We then targeted improvement of Zhengdan958 for two traits simultaneously: flowering time and plant height. Two contrasting target versions were specified, one with a 5% decrease in both flowering time and plant height (early and short), and one with a 5% increase (late and high). As a control, Zhengdan958 was itself again included in the testing set as a target. We found that the hybrids selected by TOP were phenotypically highly similar to the target for multiple traits. More specifically, when hybrids were randomly selected, only 11% of them fell into the domain of early flowering and short plants and 46% into the domain of late flowering and tall plants. In contrast, TOP increased these percentages to 54% and 80%, respectively (Fig. 6A). In addition, the hybrids selected by TOP all resembled Zhengdan958 in respect to all traits except for the two manipulated traits (flowering time and plant height), much more so than the hybrids randomly selected (Fig. 6B). Hybrids that improve upon Zhengdan958 by manipulating different combinations of other traits are presented in Additional file 1: Fig.
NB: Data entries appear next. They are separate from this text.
lemma achievable_fo_feasible:
  fixes M :: "'n::finite \<Rightarrow> ('s,'a) mdp" and \<sigma> :: "'n \<Rightarrow> 's \<Rightarrow> 'a"
  assumes M: "\<forall>j. is_mdp (M j)" and \<sigma>: "\<forall>j. \<sigma> j \<in> det_commitments (M j)"
  defines "K \<equiv> \<lambda>j. capped_value (M j) (\<sigma> j) (m_root (M j))"
  shows "fo_feasible F S R alg \<Longrightarrow> S \<in> F \<Longrightarrow> \<forall>j. c j \<in> m_states (M j) \<Longrightarrow> \<forall>j\<in>S. c j \<in> m_term (M j) \<Longrightarrow>
    \<forall>j. j \<notin> S \<union> R \<longrightarrow> c j = m_root (M j) \<Longrightarrow>
    achievable F M (\<lambda>j s. return_pmf (\<sigma> j s)) c ((\<Sum>j\<in>S. m_val (M j) (c j)) + fo_val_pmf K alg)"
proof (induction arbitrary: c rule: fo_feasible.induct)
  case (fo_feasible_halt S R)
  then have "valid_pol F M c (Halt S)" by (intro valid_pol.halt) auto
  then show ?case unfolding achievable_def by (force intro: commits.intros(1))
next
  case (fo_feasible_probe i S R ka kr \<tau>)
  let ?\<pi> = "\<lambda>j s. return_pmf (\<sigma> j s)"
  let ?b = "\<Sum>j\<in>S. m_val (M j) (c j)"
  have i: "i \<notin> S" "c i = m_root (M i)" using fo_feasible_probe by auto
  have sum_upd: "(\<Sum>j\<in>S. m_val (M j) ((c(i := s)) j)) = ?b" for s
    using i by (intro sum.cong) auto
  have IH_accept: "achievable F M ?\<pi> c'
      ((\<Sum>j\<in>insert i S. m_val (M j) (c' j)) + fo_val_pmf K (ka x))"
    if "\<forall>j. c' j \<in> m_states (M j)" "\<forall>j\<in>insert i S. c' j \<in> m_term (M j)"
      "\<forall>j. j \<notin> insert i S \<union> R \<longrightarrow> c' j = m_root (M j)" for c' x
    using fo_feasible_probe(2,3) that by blast
  have IH_reject: "achievable F M ?\<pi> c'
      ((\<Sum>j\<in>S. m_val (M j) (c' j)) + fo_val_pmf K (kr x))"
    if "\<forall>j. c' j \<in> m_states (M j)" "\<forall>j\<in>S. c' j \<in> m_term (M j)"
      "\<forall>j. j \<notin> S \<union> insert i R \<longrightarrow> c' j = m_root (M j)" for c' x
    using fo_feasible_probe(4) fo_feasible_probe.prems(1) that by blast
  interpret probe_simulation F M ?\<pi> c i "\<sigma> i" \<tau> ?b
      "\<lambda>x. fo_val_pmf K (ka x)" "\<lambda>x. fo_val_pmf K (kr x)"
  proof
    show "is_mdp (M i)" "\<sigma> i \<in> det_commitments (M i)" using M \<sigma> by auto
  next
    fix x s assume s: "s \<in> m_term (M i)"
    have "achievable F M ?\<pi> (c(i := s))
        ((\<Sum>j\<in>insert i S. m_val (M j) ((c(i := s)) j)) + fo_val_pmf K (ka x))"
      using fo_feasible_probe.prems s is_mdpD(3)[of "M i"] M by (intro IH_accept) auto
    then show "achievable F M ?\<pi> (c(i := s)) (?b + m_val (M i) s + fo_val_pmf K (ka x))"
      using i(1) sum_upd[of s] by (simp add: algebra_simps)
  next
    fix x s assume s: "s \<in> m_states (M i)"
    have "achievable F M ?\<pi> (c(i := s))
        ((\<Sum>j\<in>S. m_val (M j) ((c(i := s)) j)) + fo_val_pmf K (kr x))"
      using fo_feasible_probe.prems s i(1) by (intro IH_reject) auto
    then show "achievable F M ?\<pi> (c(i := s)) (?b + fo_val_pmf K (kr x))"
      using sum_upd[of s] by simp
  qed simp
  have "K i = capped_value (M i) (\<sigma> i) (m_root (M i))" by (simp add: K_def)
  then show ?case using achievable_root i(2) by (simp add: gain_def[abs_def] fun_upd_idem)
qed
S8 and S9. Conclusively, TOP is effective for selecting candidate targets improved for specific trait characteristics while maintaining the desired aspects of an existing commercial variety or other ideotypes.

Fig. 6
figure 6

Selecting individuals with earlier flowering and shorter plant stature than Zhengdan958. A Scatter plot of flowering time and plant height of selected individuals. The red dots indicate the earlier flowering, shorter (early and short) version of Zhengdan958, and the blue dots indicate the late and tall version. The black vertical and horizontal lines indicate flowering time (days to tassel) and plant height (cm) of Zhengdan958. The proportion of individuals selected by TOP as early & short compared to Zhengdan958 is indicated by the percentage before the slash in red, and late & tall in blue, and the proportion of individuals selected randomly after the slash in both cases. B. The global similarity between selected individuals and Zhengdan958. The similarity measurement excluded days to tassel and plant height. Three selection scenarios, early and short, late and tall, and original version of Zhengdan958, were compared with randomly selected individuals based on Student’s t test

Early maturity, short plant height, and high yield are the crucial goal in maize breeding. We tried using our algorithm to assist design hybrid combinations. We previously systematically predicted three traits (flowering time, plant height, and ear weight) of 34,188 potential hybrids with 1221 maternal lines and 28 paternal lines that had not been actually created [27]. Based on the genomic prediction of three traits, the TOP algorithm recommended 86 F1 combinations from 15 maternal lines and 3 paternal lines that may predictively perform better than the commercial maize hybrid varieties (Zhengdan958, Xianyu335, and Jingke968) as check lines. We accordingly created the 86 hybrids and tested the field performance of three traits compared to check lines. The field data demonstrated over a quarter of predictive F1 had superior ear weight while kept relatively stable or even early flowering time and lower plant height compared to the check lines (Additional file 1: Fig. S10). We found that the F1 hybrids outperforming check lines were crossed from Jing89, DengHai351, and 5831, the elite inbred lines with the Reid\improved Reid pedigree. The check line “Zhengdan958” also had the Reid pedigree from its maternal part “Zheng58.” The 10 hybrids superior to Zhengdan958 had the significant ear weight improvement by 5.84% on average (0.75–8.66%), while maintaining relatively stable flowering time and plant height (within ±5%). The variety “Jingke968” has the characteristics of high ear weight and tall plant height. We still found four hybrids had superior performance than Jingke968 in simultaneously ear weight, flowering time, and plant height. These hybrid combinations showed the potential for maize yield breeding programs by balancing and simultaneously improving early maturity and logging resistance.

Discussion

Genomic selection is a useful approach to predict trait performance in large populations [28]. This approach permits the breeder to select individuals with favorable values of traits in a cost- and labor-efficient manner, but generally focuses on a single or few key traits in each cycle of the selection process [11, 20]. However, breeders must be able to improve multiple traits simultaneously in order to create modern cultivars with attributes of high and stable yield, biotic and abiotic stress resistance, and multiple end-point uses for agricultural production. Selection for optimal expression of multiple traits is challenging due to the correlations among target traits. The use of a selection index allows the selection of individuals using a linear combination of predicted values of multiple traits [29], but the indices assigned to traits can be biased by personal experience and are population or environment dependent, such that the selection results may deviate from the expectation.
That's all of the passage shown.